[Dataset items]
----

theorem monoid_embedding_graph_product_map:
  "monoid_embedding (graph_product E M) (graph_product E N) (graph_product_map E M N f)"
proof -
  have "inj_on (graph_product_map E M N f) (carrier (graph_product E M))"
  proof (rule inj_onI)
    fix X Y
    assume "X \<in> carrier (graph_product E M)" "Y \<in> carrier (graph_product E M)"
      and eq: "graph_product_map E M N f X = graph_product_map E M N f Y"
    then obtain w w' where w: "w \<in> gp_words M" "X = gp_class E M w"
        and w': "w' \<in> gp_words M" "Y = gp_class E M w'"
      by (auto simp: graph_product_def)
    with eq have "gp_class E N (map_letters f w) = gp_class E N (map_letters f w')"
      by (simp add: graph_product_map_class)
    with w w' show "X = Y"
      using gp_eq_map_lettersD by (simp add: gp_class_eq_iff)
  qed
  then show ?thesis
    using graph_product_map_hom graph_product_map_one
    unfolding monoid_embedding_def mon_def by blast
qed

end

theorem embeddable_graph_product:
  assumes "\<And>u v. E u v \<Longrightarrow> E v u" and "\<And>v. \<not> E v v"
    and "\<And>v. monoid (M v)" and "\<And>v. monoid (N v)"
    and "\<And>v. embeddable (M v) (N v)"
  shows "embeddable (graph_product E M) (graph_product E N)"
proof -
  obtain f where "\<And>v. monoid_embedding (M v) (N v) (f v)"
    using assms(5) unfolding embeddable_def by metis
  with assms interpret letterwise_embedding E M N f
    by (simp add: letterwise_embedding_def letterwise_embedding_axioms_def letterwise_hom_def
        graph_product_words_def graph_product_words_axioms_def sym_graph_def
        monoid_embedding_def mon_def)
  show ?thesis
    using monoid_embedding_graph_product_map unfolding embeddable_def by blast
qed

theorem corollary1p8:
  fixes E :: "'v \<Rightarrow> 'v \<Rightarrow> bool"
    and M :: "'v \<Rightarrow> 'a monoid"
    and G :: "'v \<Rightarrow> 'b monoid"
  assumes "\<And>u v. E u v \<Longrightarrow> E v u"
    and "\<And>v. \<not> E v v"
    and "\<And>v. monoid (M v)"
    and "\<And>v. group (G v)"
    and "\<And>v. embeddable (M v) (G v)"
  shows "embeddable (graph_product E M) (graph_product E G)"
  using embeddable_graph_product[OF assms(1-3) group.is_monoid[OF assms(4)] assms(5)] .

end
definition one_ended :: "'a set \<Rightarrow> ('a \<Rightarrow> 'a \<Rightarrow> bool) \<Rightarrow> bool" where
  "one_ended V E \<longleftrightarrow> (\<exists>r. is_ray V E r) \<and>
     (\<forall>r s. is_ray V E r \<longrightarrow> is_ray V E s \<longrightarrow> ray_equiv V E r s)"

definition edge_set :: "complex set \<Rightarrow> (complex \<Rightarrow> complex \<Rightarrow> bool)
    \<Rightarrow> (complex \<Rightarrow> complex \<Rightarrow> real \<Rightarrow> complex) \<Rightarrow> complex set" where
  "edge_set V E c = (\<Union>{path_image (c u v) | u v. E u v})"

definition is_hyp_map :: "complex set \<Rightarrow> (complex \<Rightarrow> complex \<Rightarrow> bool)
    \<Rightarrow> (complex \<Rightarrow> complex \<Rightarrow> real \<Rightarrow> complex) \<Rightarrow> bool" where
  "is_hyp_map V E c \<longleftrightarrow>
     simple_graph V E \<and> graph_connected V E \<and> infinite V \<and> V \<subseteq> hdisc
   \<and> (\<forall>u v. E u v \<longrightarrow> arc (c u v) \<and> pathstart (c u v) = u \<and> pathfinish (c u v) = v
          \<and> c v u = reversepath (c u v) \<and> path_image (c u v) \<subseteq> hdisc
          \<and> path_image (c u v) \<inter> V = {u, v})
   \<and> (\<forall>u v u' v'. E u v \<longrightarrow> E u' v' \<longrightarrow> {u, v} \<noteq> {u', v'} \<longrightarrow>
          path_image (c u v) \<inter> path_image (c u' v') \<subseteq> {u, v} \<inter> {u', v'})
   \<and> (\<forall>F \<in> components (hdisc - (V \<union> edge_set V E c)). F homeomorphic ball (0::complex) 1)"

definition locally_finite_vertices :: "complex set \<Rightarrow> bool" where
  "locally_finite_vertices V \<longleftrightarrow> (\<forall>K. compact K \<and> K \<subseteq> hdisc \<longrightarrow> finite (V \<inter> K))"

definition acts_on_map :: "(complex \<Rightarrow> complex) set \<Rightarrow> complex set \<Rightarrow> (complex \<Rightarrow> complex \<Rightarrow> bool)
    \<Rightarrow> (complex \<Rightarrow> complex \<Rightarrow> real \<Rightarrow> complex) \<Rightarrow> bool" where
  "acts_on_map G V E c \<longleftrightarrow> (\<forall>g\<in>G. g ` V = V
     \<and> g ` (V \<union> edge_set V E c) = V \<union> edge_set V E c
     \<and> (\<forall>u\<in>V. \<forall>v\<in>V. E u v \<longleftrightarrow> E (g u) (g v))
     \<and> (\<forall>u v. E u v \<longrightarrow> g ` path_image (c u v) = path_image (c (g u) (g v))))"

----

_WHAT THE EXERCISE ASKS_.
Search the entries above for "blast". Show every line that has it.

_RESPONSE AREA_.
    unfolding monoid_embedding_def mon_def by blast
    using monoid_embedding_graph_product_map unfolding embeddable_def by blast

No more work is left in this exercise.